Activity —
Each entry shown below is to be reproduced exactly.

Record set —
theorem proposition24:
  fixes K N :: "'a set set"
    and \<V>1 \<V>2 :: "'a set set set"
    and S1 S2 S12 :: "'a set set"
    and \<M>1 \<M>2 \<M>12 :: "'a set set set"
    and M M' :: "'a set set"
  assumes "finite_simplicial_complex K"
    and "closed_in_complex K N"
    and "multivector_field K \<V>1"
    and "multivector_field K \<V>2"
    and "isolated_invariant_set_by K \<V>1 N S1"
    and "isolated_invariant_set_by K \<V>2 N S2"
    and "morse_decomposition K \<V>1 S1 \<M>1"
    and "morse_decomposition K \<V>2 S2 \<M>2"
    and "S12 = inv_set K (intersection_field \<V>1 \<V>2) N"
    and "minimal_morse_decomposition K (intersection_field \<V>1 \<V>2) S12 \<M>12"
    and "relevant_cm_edge K \<V>1 \<V>2 N \<M>1 \<M>2 \<M>12 M M'"
  shows "(iota \<M>1 M = iota \<M>1 M' \<or> cm_edge K \<V>1 N \<M>1 (iota \<M>1 M) (iota \<M>1 M')) \<and>
         (iota \<M>2 M = iota \<M>2 M' \<or> cm_edge K \<V>2 N \<M>2 (iota \<M>2 M) (iota \<M>2 M'))"
proof -
  have "relevant \<M>1 \<M>2 \<M>12 M" "relevant \<M>1 \<M>2 \<M>12 M'"
    and "relevant_connection K \<V>1 \<V>2 N \<M>1 \<M>2 M M'"
    using assms(11) unfolding relevant_cm_edge_def by simp_all
  then obtain \<rho> a b A1 A2 B1 B2 where path: "is_path_in K (intersection_field \<V>1 \<V>2) N \<rho> a b"
    and ends: "\<rho> a \<in> M" "\<rho> b \<in> M'"
    and "A1 \<in> \<M>1" "M \<subseteq> A1" "A2 \<in> \<M>2" "M \<subseteq> A2"
    and "B1 \<in> \<M>1" "M' \<subseteq> B1" "B2 \<in> \<M>2" "M' \<subseteq> B2"
    unfolding relevant_def relevant_connection_def by meson
  moreover have "is_path_in K \<V>1 N \<rho> a b"
    using is_path_in_intersection_field[OF assms(3,4) path] .
  moreover have "is_path_in K \<V>2 N \<rho> a b"
    using is_path_in_intersection_field[OF assms(4,3)] path
    by (simp add: intersection_field_commute)
  ultimately show ?thesis
    using cm_edge_iota_of_path[OF assms(7) _ ends] cm_edge_iota_of_path[OF assms(8) _ ends]
    by simp
qed

end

Exercise output —
theorem proposition24:
  fixes K N :: "'a set set"
    and \<V>1 \<V>2 :: "'a set set set"
    and S1 S2 S12 :: "'a set set"
    and \<M>1 \<M>2 \<M>12 :: "'a set set set"
    and M M' :: "'a set set"
  assumes "finite_simplicial_complex K"
    and "closed_in_complex K N"
    and "multivector_field K \<V>1"
    and "multivector_field K \<V>2"
    and "isolated_invariant_set_by K \<V>1 N S1"
    and "isolated_invariant_set_by K \<V>2 N S2"
    and "morse_decomposition K \<V>1 S1 \<M>1"
    and "morse_decomposition K \<V>2 S2 \<M>2"
    and "S12 = inv_set K (intersection_field \<V>1 \<V>2) N"
    and "minimal_morse_decomposition K (intersection_field \<V>1 \<V>2) S12 \<M>12"
    and "relevant_cm_edge K \<V>1 \<V>2 N \<M>1 \<M>2 \<M>12 M M'"
  shows "(iota \<M>1 M = iota \<M>1 M' \<or> cm_edge K \<V>1 N \<M>1 (iota \<M>1 M) (iota \<M>1 M')) \<and>
         (iota \<M>2 M = iota \<M>2 M' \<or> cm_edge K \<V>2 N \<M>2 (iota \<M>2 M) (iota \<M>2 M'))"
proof -
  have "relevant \<M>1 \<M>2 \<M>12 M" "relevant \<M>1 \<M>2 \<M>12 M'"
    and "relevant_connection K \<V>1 \<V>2 N \<M>1 \<M>2 M M'"
    using assms(11) unfolding relevant_cm_edge_def by simp_all
  then obtain \<rho> a b A1 A2 B1 B2 where path: "is_path_in K (intersection_field \<V>1 \<V>2) N \<rho> a b"
    and ends: "\<rho> a \<in> M" "\<rho> b \<in> M'"
    and "A1 \<in> \<M>1" "M \<subseteq> A1" "A2 \<in> \<M>2" "M \<subseteq> A2"
    and "B1 \<in> \<M>1" "M' \<subseteq> B1" "B2 \<in> \<M>2" "M' \<subseteq> B2"
    unfolding relevant_def relevant_connection_def by meson
  moreover have "is_path_in K \<V>1 N \<rho> a b"
    using is_path_in_intersection_field[OF assms(3,4) path] .
  moreover have "is_path_in K \<V>2 N \<rho> a b"
    using is_path_in_intersection_field[OF assms(4,3)] path
    by (simp add: intersection_field_commute)
  ultimately show ?thesis
    using cm_edge_iota_of_path[OF assms(7) _ ends] cm_edge_iota_of_path[OF assms(8) _ ends]
    by simp
qed

end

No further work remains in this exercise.